Гвардейцы явно были удивлены этой просьбой. Александр сердито кашлянул:
- Это еще зачем? Вот выйдешь замуж, тогда и будешь картами развлекаться… по маленькой, если супруг позволит. А сейчас ни к чему.
- Так уж и ни к чему? – возразила Катя. – Мало ли что, в жизни все пригодится. Так что, давайте, излагайте теорию, я внимательно слушаю.
Александр побагровел.
- Кать, иди к себе! – взорвался он. - Повышивайте там чего-нибудь с тетушкой. А здесь тебе делать нечего.
Катя еще не успела ответить, как раздался голос Бухвостова:
- Александр, я был бы счастлив исполнить желание Екатерины Юрьевны. И, думаю, друзья меня поддержат.
Катя одарила Бухвостова лучезарной улыбкой. Тот расплылся до ушей.
- Что скажете, господа? – она обвела невозмутимым взглядом Михаила, Рокотова и Аргамакова.
- Я не против, - застенчиво улыбнулся Аргамаков.
- Желание Екатерины Юрьевны – закон, - поддержал его Рокотов, подкручивая усы.
Александр с упреком посмотрел на друзей:
- Растаяли, да? Бабники! Бахмет, а ты чего молчишь?
Михаил устремил на Катю долгий взгляд, под действием которого замерло ее сердце, и после мучительно длинной паузы изрек:
- Ну, если княжна обещает не жульничать, не курить трубку, и не выпьет весь наш портвейн, то можно и удовлетворить желание дамы.
Гвардейцы рассмеялись.
- И ты туда же! – вздохнул Александр. – Ладно, черт с вами. Пусть остается.
- Но Екатерина Юрьевна еще не сказала, согласна ли она выполнить условия Бахмета, - с тонкой улыбкой вставил Рокотов.
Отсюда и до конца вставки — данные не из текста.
lemma (in group) commuting_inv:
  assumes "x \<in> carrier G" "a \<in> carrier G" "x \<otimes> a = a \<otimes> x"
  shows "x \<otimes> inv a = inv a \<otimes> x"
proof -
  have "x \<otimes> inv a = inv a \<otimes> (a \<otimes> x) \<otimes> inv a" using assms(1,2) by (simp add: m_assoc[symmetric])
  also have "\<dots> = inv a \<otimes> (x \<otimes> a) \<otimes> inv a" using assms(3) by simp
  also have "\<dots> = inv a \<otimes> x" using assms(1,2) by (simp add: m_assoc)
  finally show ?thesis .
qed

lemma (in group) commuting_mult:
  assumes "x \<in> carrier G" "a \<in> carrier G" "b \<in> carrier G"
    and "x \<otimes> a = a \<otimes> x" "x \<otimes> b = b \<otimes> x"
  shows "x \<otimes> (a \<otimes> b) = (a \<otimes> b) \<otimes> x"
proof -
  have "x \<otimes> (a \<otimes> b) = (x \<otimes> a) \<otimes> b" using assms(1-3) by (simp add: m_assoc)
  also have "\<dots> = a \<otimes> (x \<otimes> b)" using assms(1-4) by (simp add: m_assoc)
  also have "\<dots> = (a \<otimes> b) \<otimes> x" using assms(1-3,5) by (simp add: m_assoc)
  finally show ?thesis .
qed

lemma (in group) centralizer_subgroup:
  assumes "x \<in> carrier G" shows "subgroup (centralizer G x) G"
proof (rule subgroupI)
  show "centralizer G x \<noteq> {}" using assms by (auto simp: centralizer_def)
  fix a b assume a: "a \<in> centralizer G x" and b: "b \<in> centralizer G x"
  then show "inv a \<in> centralizer G x" "a \<otimes> b \<in> centralizer G x"
    using assms commuting_inv[of x a] commuting_mult[of x a b] by (simp_all add: centralizer_def)
qed (auto simp: centralizer_def)

lemma (in group) center_eq_Inter_centralizers:
  "grp_center G = (\<Inter>g\<in>carrier G. centralizer G g)"
proof (rule equalityI; rule subsetI)
  fix z assume "z \<in> grp_center G"
  then have "z \<in> carrier G" "\<And>g. g \<in> carrier G \<Longrightarrow> g \<otimes> z = z \<otimes> g"
    by (auto simp: grp_center_def)
  then show "z \<in> (\<Inter>g\<in>carrier G. centralizer G g)" by (simp add: centralizer_def)
next
  fix z assume z: "z \<in> (\<Inter>g\<in>carrier G. centralizer G g)"
  then have "z \<in> carrier G" using one_closed by (auto simp: centralizer_def)
  moreover have "z \<otimes> g = g \<otimes> z" if "g \<in> carrier G" for g
    using z that by (auto simp: centralizer_def)
  ultimately show "z \<in> grp_center G" by (simp add: grp_center_def)
qed

lemma (in group) center_subgroup: "subgroup (grp_center G) G"
  unfolding center_eq_Inter_centralizers
  by (rule subgroups_Inter) (auto intro: centralizer_subgroup)

lemma noncentral_centralizer_bounds:
  assumes "x \<in> carrier G" "x \<notin> grp_center G"
  shows "grp_center G \<subset> centralizer G x" "centralizer G x \<subset> carrier G"
proof -
  show "grp_center G \<subset> centralizer G x"
    using assms by (force simp: grp_center_def centralizer_def)
  obtain g where "g \<in> carrier G" "x \<otimes>\<^bsub>G\<^esub> g \<noteq> g \<otimes>\<^bsub>G\<^esub> x"
    using assms by (auto simp: grp_center_def)
  then show "centralizer G x \<subset> carrier G" by (auto simp: centralizer_def)
qed

lemma comm_group_iff_center:
  assumes "group G" shows "comm_group G \<longleftrightarrow> grp_center G = carrier G"
proof
  assume "comm_group G"
  then show "grp_center G = carrier G" by (auto simp: grp_center_def comm_group_def comm_monoid.m_comm)
next
  assume "grp_center G = carrier G"
  then have "\<And>x y. x \<in> carrier G \<Longrightarrow> y \<in> carrier G \<Longrightarrow> x \<otimes>\<^bsub>G\<^esub> y = y \<otimes>\<^bsub>G\<^esub> x"
    by (auto simp: grp_center_def)
  then show "comm_group G" using group.group_comm_groupI[OF assms] by blast
qed

lemma nc_neighbours:
  assumes "x \<in> nc_vertices G"
  shows "{y \<in> nc_vertices G. nc_adj G x y} = carrier G - centralizer G x"
proof (rule equalityI; rule subsetI)
  fix y assume "y \<in> {y \<in> nc_vertices G. nc_adj G x y}"
  then show "y \<in> carrier G - centralizer G x"
    by (auto simp: nc_adj_def nc_vertices_def centralizer_def)
next
  fix y assume y: "y \<in> carrier G - centralizer G x"
  then have noncomm: "x \<otimes>\<^bsub>G\<^esub> y \<noteq> y \<otimes>\<^bsub>G\<^esub> x" by (simp add: centralizer_def)
  have "x \<in> carrier G" using assms by (simp add: nc_vertices_def)
  have "y \<notin> grp_center G"
  proof
    assume "y \<in> grp_center G"
    then have "y \<otimes>\<^bsub>G\<^esub> x = x \<otimes>\<^bsub>G\<^esub> y" using \<open>x \<in> carrier G\<close> by (simp add: grp_center_def)
    with noncomm show False by simp
  qed
  then show "y \<in> {y \<in> nc_vertices G. nc_adj G x y}"
    using y noncomm assms by (auto simp: nc_vertices_def nc_adj_def)
qed

lemma nc_codegree:
  assumes "finite (carrier G)" "x \<in> nc_vertices G"
  shows "card (nc_vertices G) - nc_degree G x = card (centralizer G x - grp_center G)"
proof -
  have "centralizer G x - grp_center G = nc_vertices G - {y \<in> nc_vertices G. nc_adj G x y}"
    unfolding nc_neighbours[OF assms(2)] by (auto simp: nc_vertices_def centralizer_def)
  moreover have "finite (nc_vertices G)" using assms(1) by (simp add: nc_vertices_def)
  ultimately show ?thesis unfolding nc_degree_def by (simp add: card_Diff_subset)
qed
- Обещаю делать только то, чему вы меня научите, - с мягчайшей кошачьей интонацией отозвалась Катя, глядя в глаза Михаилу.
Сердце было охвачено звонким трепетом, который она так любила в себе, тем пьянящим куражом, от которого начинало приятно покалывать кончики пальцев и кружилась голова. Вот для чего она рождена. Идти напролом, сметая к черту условности, самая красивая, самая отчаянная, очаровывая этих мальчишек и любого, на ком остановит взгляд. И его… того, кто смотрит на нее этими насмешливыми зелеными глазами и словно бы не принимает всерьез. Он будет ее, весь, без остатка, как самый преданный пес. Дело времени.
- Только талию
(партию) доиграем все же, - сказал Александр, не подозревавший, какие коварные мысли бродят в голове сестрички. - А уже потом приступим к обучению.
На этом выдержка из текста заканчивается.